The data below:

definition Q_set :: "nat \<Rightarrow> ('a::order \<Rightarrow> 'a \<Rightarrow> nat) \<Rightarrow> 'a list \<Rightarrow> 'a set" where
  "Q_set n lab m = {x. \<exists>c \<in> M_chains n lab m. x \<in> set c}"

end

theory Submission
  imports Defs
begin

text \<open>By the \<open>S\<^sub>n\<close> property, all maximal chains of an interval \<open>[u, v]\<close> carry the same set
  of labels; write \<open>S(x)\<close> for the label set of \<open>[0, x]\<close>. Then \<open>x < y\<close> implies
  \<open>S(x) \<subset> S(y)\<close>. Order the labels by \<open>a \<prec> b\<close> iff \<open>a < b\<close> and \<open>a\<close> occurs before \<open>b\<close> on \<open>m\<close>.
  Walking up \<open>m\<close> and taking first steps of increasing chains, every down-set \<open>A\<close> of \<open>\<prec>\<close>
  yields an element \<open>E(A)\<close> with \<open>S(E(A)) = A\<close>, and \<open>E\<close> is monotone. Each \<open>U\<^sub>i\<close> replaces an
  element of the chain by the first step of a rank-two interval, which stays of the form
  \<open>E(A)\<close>; conversely, repeatedly removing descents (a bubble sort) reaches every \<open>E(A)\<close>. Hence
  \<open>Q\<^sub>m\<close> is the image of \<open>E\<close>, and since \<open>S\<close> is strictly monotone, joins and meets in \<open>Q\<^sub>m\<close> are
  \<open>E\<close> of unions and intersections: \<open>Q\<^sub>m\<close> is a sublattice isomorphic to a lattice of sets.\<close>

section \<open>Saturated chains\<close>

lemma covers_less: "covers x y \<Longrightarrow> x < y"
  by (simp add: covers_def)

lemma sat_chain_singleton [simp]: "sat_chain [x]"
  by (simp add: sat_chain_def)

lemma sat_chain_Cons_Cons: "sat_chain (x # y # xs) \<longleftrightarrow> covers x y \<and> sat_chain (y # xs)"
  unfolding sat_chain_def by (auto simp: nth_Cons split: nat.splits)

lemma sat_chain_nonempty: "sat_chain c \<Longrightarrow> c \<noteq> []"
  by (simp add: sat_chain_def)

lemma chain_labels_singleton [simp]: "chain_labels lab [x] = []"
  by (simp add: chain_labels_def)

lemma chain_labels_Cons_Cons [simp]:
  "chain_labels lab (x # y # xs) = lab x y # chain_labels lab (y # xs)"
  unfolding chain_labels_def by (simp add: upt_conv_Cons map_Suc_upt[symmetric] del: upt_Suc)

lemma length_chain_labels: "length (chain_labels lab c) = length c - 1"
  by (simp add: chain_labels_def)

lemma nth_chain_labels: "j < length c - 1 \<Longrightarrow> chain_labels lab c ! j = lab (c ! j) (c ! Suc j)"
  by (simp add: chain_labels_def)

lemma sat_chain_append_tl:
  "sat_chain c1 \<Longrightarrow> sat_chain c2 \<Longrightarrow> last c1 = hd c2 \<Longrightarrow> sat_chain (c1 @ tl c2)"
proof (induction c1 rule: induct_list012)
  case (2 x)
  then show ?case by (metis append_Cons append_Nil last_ConsL list.collapse sat_chain_nonempty)
next
  case (3 x y zs)
  then show ?case by (simp add: sat_chain_Cons_Cons)
qed (simp add: sat_chain_def)

lemma chain_labels_append_tl:
  "c1 \<noteq> [] \<Longrightarrow> c2 \<noteq> [] \<Longrightarrow> last c1 = hd c2 \<Longrightarrow>
     chain_labels lab (c1 @ tl c2) = chain_labels lab c1 @ chain_labels lab c2"
proof (induction c1 rule: induct_list012)
  case (2 x)
  then show ?case by (metis append_Cons append_Nil chain_labels_singleton last_ConsL list.collapse)
next
  case (3 x y zs)
  then show ?case by simp
qed simp

lemma interval_max_chain_append_tl:
  assumes "interval_max_chain x y c1" and "interval_max_chain y z c2"
  shows "interval_max_chain x z (c1 @ tl c2)"
proof -
  have "c1 \<noteq> []" "c2 \<noteq> []"
    using assms sat_chain_nonempty unfolding interval_max_chain_def by auto
  moreover have "last (c1 @ tl c2) = last c2"
  proof (cases "tl c2 = []")
    case True
    then show ?thesis
      using assms \<open>c2 \<noteq> []\<close> unfolding interval_max_chain_def
      by (metis append_Nil2 last_ConsL list.collapse)
  next
    case False
    then show ?thesis by (simp add: last_tl)
  qed
  ultimately show ?thesis
    using assms sat_chain_append_tl[of c1 c2] unfolding interval_max_chain_def by auto
qed

lemma sat_chain_nth_less:
  assumes "sat_chain c" "i < j" "j < length c"
  shows "c ! i < c ! j"
  using assms(2,3)
proof (induction j)
  case (Suc j)
  have "c ! j < c ! Suc j"
    using assms(1) Suc.prems covers_less unfolding sat_chain_def by blast
  then show ?case
    using Suc by (cases "i = j") auto
qed simp

lemma sat_chain_nth_le: "sat_chain c \<Longrightarrow> i \<le> j \<Longrightarrow> j < length c \<Longrightarrow> c ! i \<le> c ! j"
  using sat_chain_nth_less[of c i j] by (cases "i = j") auto

lemma interval_max_chain_bounds:
  assumes "interval_max_chain x y c" "z \<in> set c"
  shows "x \<le> z" "z \<le> y"
proof -
  obtain i where i: "i < length c" "z = c ! i"
    using assms(2) by (metis in_set_conv_nth)
  have "c \<noteq> []" "sat_chain c" "x = c ! 0" "y = c ! (length c - 1)"
    using assms(1) sat_chain_nonempty[of c] unfolding interval_max_chain_def
    by (auto simp: hd_conv_nth last_conv_nth)
  then show "x \<le> z" "z \<le> y"
    using sat_chain_nth_le[of c 0 i] sat_chain_nth_le[of c i "length c - 1"] i by auto
qed

lemma interval_max_chain_le:
  assumes "interval_max_chain x y c"
  shows "x \<le> y"
proof -
  have "x \<in> set c"
    using assms sat_chain_nonempty[of c] unfolding interval_max_chain_def by auto
  then show ?thesis
    using interval_max_chain_bounds[OF assms] by blast
qed

lemma interval_max_chain_exists:
  fixes x y :: "'a::{finite,order}"
  assumes "x \<le> y"
  shows "\<exists>c. interval_max_chain x y c"
  using assms
proof (induction "card {z. x < z \<and> z \<le> y}" arbitrary: x rule: less_induct)
  case less
  show ?case
  proof (cases "x = y")
    case True
    have "interval_max_chain x y [x]"
      using True by (simp add: interval_max_chain_def)
    then show ?thesis ..
  next
    case False
    define A where "A = {z. x < z \<and> z \<le> y}"
    have "y \<in> A"
      using False less.prems unfolding A_def by simp
    then have "A \<noteq> {}" by blast
    then obtain x' where "x' \<in> A" and x'_min: "\<forall>z\<in>A. z \<le> x' \<longrightarrow> x' = z"
      using finite_has_minimal[OF finite] by blast
    have "x < x'" "x' \<le> y"
      using \<open>x' \<in> A\<close> unfolding A_def by auto
    have "\<not> (x < z \<and> z < x')" for z
    proof
      assume "x < z \<and> z < x'"
      then have "z \<in> A"
        using \<open>x' \<le> y\<close> unfolding A_def by (auto intro: order.trans)
      then show False
        using x'_min \<open>x < z \<and> z < x'\<close> by fastforce
    qed
    then have "covers x x'"
      using \<open>x < x'\<close> unfolding covers_def by blast
    have "{z. x' < z \<and> z \<le> y} \<subset> A"
      using \<open>x' \<in> A\<close> unfolding A_def by auto
    then have "card {z. x' < z \<and> z \<le> y} < card A"
      by (simp add: psubset_card_mono)
    then obtain c where c: "interval_max_chain x' y c"
      using less.hyps \<open>x' \<le> y\<close> unfolding A_def by blast
    have "interval_max_chain x x' [x, x']"
      using \<open>covers x x'\<close> by (simp add: interval_max_chain_def sat_chain_Cons_Cons)
    then have "interval_max_chain x y ([x, x'] @ tl c)"
      using c by (rule interval_max_chain_append_tl)
    then show ?thesis ..
  qed
qed

lemma sat_chain_list_update:
  assumes "sat_chain c" "0 < i" "Suc i < length c"
    and "covers (c ! (i - 1)) z" "covers z (c ! Suc i)"
  shows "sat_chain (c[i := z])"
  unfolding sat_chain_def
proof (intro conjI allI impI)
  show "c[i := z] \<noteq> []"
    using assms(3) by auto
  fix j
  assume "Suc j < length (c[i := z])"
  then have "Suc j < length c" by simp
  consider "Suc j = i" | "j = i" | "Suc j \<noteq> i" "j \<noteq> i" by blast
  then show "covers (c[i := z] ! j) (c[i := z] ! Suc j)"
  proof cases
    case 1
    then show ?thesis using assms(3,4) by auto
  next
    case 2
    then show ?thesis using assms(3,5) by auto
  next
    case 3
    then show ?thesis using assms(1) \<open>Suc j < length c\<close> unfolding sat_chain_def by simp
  qed
qed

lemma interval_max_chain_segment:
  assumes "sat_chain c" "r \<le> s" "s < length c"
  shows "interval_max_chain (c ! r) (c ! s) (drop r (take (Suc s) c))"
  unfolding interval_max_chain_def sat_chain_def
proof (intro conjI allI impI)
  let ?d = "drop r (take (Suc s) c)"
  have length_d: "length ?d = Suc (s - r)"
    using assms by simp
  then show "?d \<noteq> []" by auto
  show "hd ?d = c ! r" "last ?d = c ! s"
    using assms length_d by (auto simp: hd_conv_nth last_conv_nth)
  fix j
  assume "Suc j < length ?d"
  then show "covers (?d ! j) (?d ! Suc j)"
    using assms length_d unfolding sat_chain_def by auto
qed

section \<open>Label sets of intervals\<close>

locale Sn_EL_lattice =
  fixes lab :: "'a::{finite,lattice} \<Rightarrow> 'a \<Rightarrow> nat" and n :: nat
  assumes graded: "graded_rank TYPE('a) n"
    and Sn_EL: "Sn_EL_labeling n lab"
begin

End of The data.

Please print exactly the lines from the one containing "j) (?d ! Suc" through the last line of the records, both included, and nothing else.

# Reply to the task:
  then show "covers (?d ! j) (?d ! Suc j)"
    using assms length_d unfolding sat_chain_def by auto
qed

section \<open>Label sets of intervals\<close>

locale Sn_EL_lattice =
  fixes lab :: "'a::{finite,lattice} \<Rightarrow> 'a \<Rightarrow> nat" and n :: nat
  assumes graded: "graded_rank TYPE('a) n"
    and Sn_EL: "Sn_EL_labeling n lab"
begin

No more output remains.